Bei der Genehmigung einer Finanzierung kann für die gesamte Dauer der Laufzeit auch ein gebundener Sollzins festgelegt werden. Das heißt im Klartext: Unabhängig von den verschiedenen Zinsschwankungen an den Kapitalmärkten, bleibt der dem „Darlehen“ zugrunde liegende Nominalzins unverändert. Für Sie als Kreditkunde hat ein gebundener Sollzins den Vorteil, dass Sie keine Angst vor steigenden Darlehenszinsen zu haben brauchen.
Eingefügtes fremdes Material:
(* Let $P$ be a convex polygon with no two edges parallel. For any LMAP $Q$ in $P$, at least one of the following holds: (a) $Q$ has an anchored narrow corner; (b) $Q$ has an anchored broad corner that has at least one adjacent corner anchored; (c) all four corners of $Q$ are even.
   Context: $P$ is a compact convex polygon with boundary $\partial P$, edges $e_1,\ldots,e_n$ clockwise and vertices $v_1,\ldots,v_n$, $e_i$ the open segment from $v_i$ to $v_{i+1}$ (indices mod $n$). $\ell_i$ is the line containing $e_i$, $\mathsf{I}_{i,j}=\ell_i\cap\ell_j$. For distinct edges, $e_i\prec e_j$ means $\mathsf{I}_{i,j}=v_i+t(v_{i+1}-v_i)$ for some $t\ge1$ (equivalently the clockwise turning angle from direction $v_{i+1}-v_i$ to $v_{j+1}-v_j$ is in $(0,\pi)$). A unit is an edge or a vertex of $P$; for $X\in\partial P$, $\mathbf{u}(X)$ is the unique unit containing $X$. For a vertex $v_i$, $back(v_i)=e_{i-1}$, $forw(v_i)=e_i$; for an edge $e$, $back(e)=forw(e)=e$. A unit $u$ is chasing a unit $u'$ if $back(u)\prec back(u')$ and $forw(u)\prec forw(u')$. For a parallelogram $A_0A_1A_2A_3$ inscribed in $P$ (corners on $\partial P$, in clockwise order, subscripts mod 4), corner $A_i$ is narrow if $\mathbf{u}(A_{i-1})$ is chasing $\mathbf{u}(A_{i+1})$; broad if $\mathbf{u}(A_{i+1})$ is chasing $\mathbf{u}(A_{i-1})$; even if neither of $\mathbf{u}(A_{i+1}),\mathbf{u}(A_{i-1})$ is chasing the other. A corner is anchored if it coincides with a vertex of $P$. A parallelogram lies in $P$ if its corners lie in $P$; $A_0A_1A_2A_3$ lying in $P$ is locally maximal if there is $\delta>0$ such that every parallelogram $B_0B_1B_2B_3$ lying in $P$ with $|A_iB_i|<\delta$ for all $i$ has area at most that of $A_0A_1A_2A_3$; it is slidable if two corners lie in the same open edge. An LMAP is a locally maximal non-slidable parallelogram lying in $P$ (every LMAP is inscribed). *)

theory Defs
  imports "HOL-Analysis.Analysis"
begin

type_synonym point = "real \<times> real"

text \<open>2D cross product; positive iff the turn from a to b is counterclockwise.\<close>
definition cross :: "point \<Rightarrow> point \<Rightarrow> real" where
  "cross a b = fst a * snd b - snd a * fst b"

text \<open>A polygon is given by n vertices v 0, ..., v (n-1) (indices taken mod n).\<close>
definition convex_polygon_cw :: "(nat \<Rightarrow> point) \<Rightarrow> nat \<Rightarrow> bool" where
  "convex_polygon_cw v n \<longleftrightarrow> n \<ge> 3 \<and>
     (\<forall>i<n. \<forall>j<n. j \<noteq> i \<and> j \<noteq> Suc i mod n \<longrightarrow>
        cross (v (Suc i mod n) - v i) (v j - v i) < 0)"

definition polygon :: "(nat \<Rightarrow> point) \<Rightarrow> nat \<Rightarrow> point set" where
  "polygon v n = convex hull (v ` {..<n})"

definition edge_dir :: "(nat \<Rightarrow> point) \<Rightarrow> nat \<Rightarrow> nat \<Rightarrow> point" where
  "edge_dir v n i = v (Suc i mod n) - v i"

definition edge :: "(nat \<Rightarrow> point) \<Rightarrow> nat \<Rightarrow> nat \<Rightarrow> point set" where
  "edge v n i = open_segment (v i) (v (Suc i mod n))"

definition edge_line :: "(nat \<Rightarrow> point) \<Rightarrow> nat \<Rightarrow> nat \<Rightarrow> point set" where
  "edge_line v n i = {v i + s *\<^sub>R edge_dir v n i | s. True}"

definition no_parallel_edges :: "(nat \<Rightarrow> point) \<Rightarrow> nat \<Rightarrow> bool" where
  "no_parallel_edges v n \<longleftrightarrow>
     (\<forall>i<n. \<forall>j<n. i \<noteq> j \<longrightarrow> cross (edge_dir v n i) (edge_dir v n j) \<noteq> 0)"

definition prec :: "(nat \<Rightarrow> point) \<Rightarrow> nat \<Rightarrow> nat \<Rightarrow> nat \<Rightarrow> bool" where
  "prec v n i j \<longleftrightarrow> i \<noteq> j \<and>
     (\<exists>t\<ge>1. edge_line v n i \<inter> edge_line v n j = {v i + t *\<^sub>R edge_dir v n i})"

datatype punit = Vert nat | Edge nat

definition unit_of :: "(nat \<Rightarrow> point) \<Rightarrow> nat \<Rightarrow> point \<Rightarrow> punit \<Rightarrow> bool" where
  "unit_of v n X u \<longleftrightarrow>
     (\<exists>i<n. (u = Vert i \<and> X = v i) \<or> (u = Edge i \<and> X \<in> edge v n i))"

fun back_e :: "nat \<Rightarrow> punit \<Rightarrow> nat" where
  "back_e n (Vert i) = (i + n - 1) mod n"
| "back_e n (Edge i) = i"

fun forw_e :: "nat \<Rightarrow> punit \<Rightarrow> nat" where
  "forw_e n (Vert i) = i"
| "forw_e n (Edge i) = i"

definition chasing :: "(nat \<Rightarrow> point) \<Rightarrow> nat \<Rightarrow> punit \<Rightarrow> punit \<Rightarrow> bool" where
  "chasing v n u u' \<longleftrightarrow> prec v n (back_e n u) (back_e n u') \<and> prec v n (forw_e n u) (forw_e n u')"

text \<open>Parallelograms A 0 A 1 A 2 A 3 (corner indices mod 4), non-degenerate, in clockwise order.\<close>
definition parallelogram :: "(nat \<Rightarrow> point) \<Rightarrow> bool" where
  "parallelogram A \<longleftrightarrow> A 0 + A 2 = A 1 + A 3 \<and> cross (A 1 - A 0) (A 3 - A 0) < 0"

definition par_area :: "(nat \<Rightarrow> point) \<Rightarrow> real" where
  "par_area A = \<bar>cross (A 1 - A 0) (A 3 - A 0)\<bar>"

definition lies_in :: "(nat \<Rightarrow> point) \<Rightarrow> point set \<Rightarrow> bool" where
  "lies_in A S \<longleftrightarrow> (\<forall>i<4. A i \<in> S)"

definition locally_maximal :: "(nat \<Rightarrow> point) \<Rightarrow> nat \<Rightarrow> (nat \<Rightarrow> point) \<Rightarrow> bool" where
  "locally_maximal v n A \<longleftrightarrow> parallelogram A \<and> lies_in A (polygon v n) \<and>
     (\<exists>\<delta>>0. \<forall>B. parallelogram B \<and> lies_in B (polygon v n) \<and> (\<forall>i<4. dist (A i) (B i) < \<delta>)
        \<longrightarrow> par_area B \<le> par_area A)"

definition slidable :: "(nat \<Rightarrow> point) \<Rightarrow> nat \<Rightarrow> (nat \<Rightarrow> point) \<Rightarrow> bool" where
  "slidable v n A \<longleftrightarrow> (\<exists>i<4. \<exists>j<4. \<exists>k<n. i \<noteq> j \<and> A i \<in> edge v n k \<and> A j \<in> edge v n k)"

definition LMAP :: "(nat \<Rightarrow> point) \<Rightarrow> nat \<Rightarrow> (nat \<Rightarrow> point) \<Rightarrow> bool" where
  "LMAP v n A \<longleftrightarrow> locally_maximal v n A \<and> \<not> slidable v n A"

definition anchored :: "(nat \<Rightarrow> point) \<Rightarrow> nat \<Rightarrow> (nat \<Rightarrow> point) \<Rightarrow> nat \<Rightarrow> bool" where
  "anchored v n A i \<longleftrightarrow> (\<exists>k<n. A (i mod 4) = v k)"

definition narrow :: "(nat \<Rightarrow> point) \<Rightarrow> nat \<Rightarrow> (nat \<Rightarrow> point) \<Rightarrow> nat \<Rightarrow> bool" where
  "narrow v n A i \<longleftrightarrow> (\<exists>u u'. unit_of v n (A ((i + 3) mod 4)) u \<and>
      unit_of v n (A ((i + 1) mod 4)) u' \<and> chasing v n u u')"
Der Zinssatz auf die „Kreditsumme“ bleibt während der kompletten Laufzeit des Darlehens demzufolge unverändert. So sind Sie permanent vor der unliebsamen Überraschung einer Zinserhöhung gefeit.

Was bedeutet die Kreditlaufzeit

Ein Kredit kann verschiedene Laufzeiten haben. Davon beeinflusst werden in erster Linie die Darlehensbedingungen, die Kreditnehmer mit der Bank vereinbart. Bei einem Darlehen mit kurzer Laufzeit muss der Kreditnehmer höhere monatliche Raten zahlen, als bei einer langen „Kreditlaufzeit“. Die passende Entscheidung diversen Möglichkeiten bezüglich der Kreditlaufzeit kann demnach definitiv vorteilhaft sein. Man kann indessen nicht für alle Kredite sämtliche Laufzeiten in Anspruch nehmen.

Was ist genau unter Kreditlaufzeit beziehungsweise Darlehenslaufzeit zu verstehen? Kurzum, ist dies der Zeitabschnitt zwischen der Auszahlung der Kreditsumme und der vollständigen Begleichung. Es sind faktisch die Höhe des Nominalzinses und die Tilgung, welche für die Dauer hierbei eine entscheidende Rolle spielen. Insbesondere hängt die Laufzeit logischerweise vom Tilgungssatz ab. Fallen die einzelnen Monatsraten niedrig aus, wird die komplette Rückzahlung des Darlehens bzw. der Kreditsumme einschließlich Zinsen und Bearbeitungsgebühren klarerweise relativ lange dauern. Es gibt im Übrigen besondere Kredite mit sehr langen Laufzeiten (min. fünf Jahre). Diese werden als Langzeitkredite bezeichnet.

Was sind die Darlehensgebühren

Oft werden die Darlehensgebühren auch Bearbeitungsentgelte, Kreditbearbeitungsgebühren, Bearbeitungsprovision oder Abschlussgebühr genannt. Wozu diese Gebühren? Die Kreditbanken verlangten vom Antragsteller bis 2014 für die Bearbeitung des Antrags zu einem Kredit oder für eine Kreditanfrage einen speziellen Betrag für den entstandenen Aufwand. Seit Mai 2014 dürfen sowohl „Darlehensgebühren“ für eine Kreditanfrage als auch die Überprüfung der Bonität des Kreditnehmers nicht weiter in Rechnung gestellt werden. Präzise erklärt bedeutet das, Gebühren für die Bearbeitung eines Kreditantrags (im Schnitt 1 – 3 % der Kreditsumme), dürfen seit 2014 nicht mehr berechnet werden. Bearbeitungsgebühren, die von Kreditnehmern für den Kreditantrag bzw. die Kreditanfrage schon gezahlt worden sind, können demzufolge in vielen Fällen zurückgefordert werden.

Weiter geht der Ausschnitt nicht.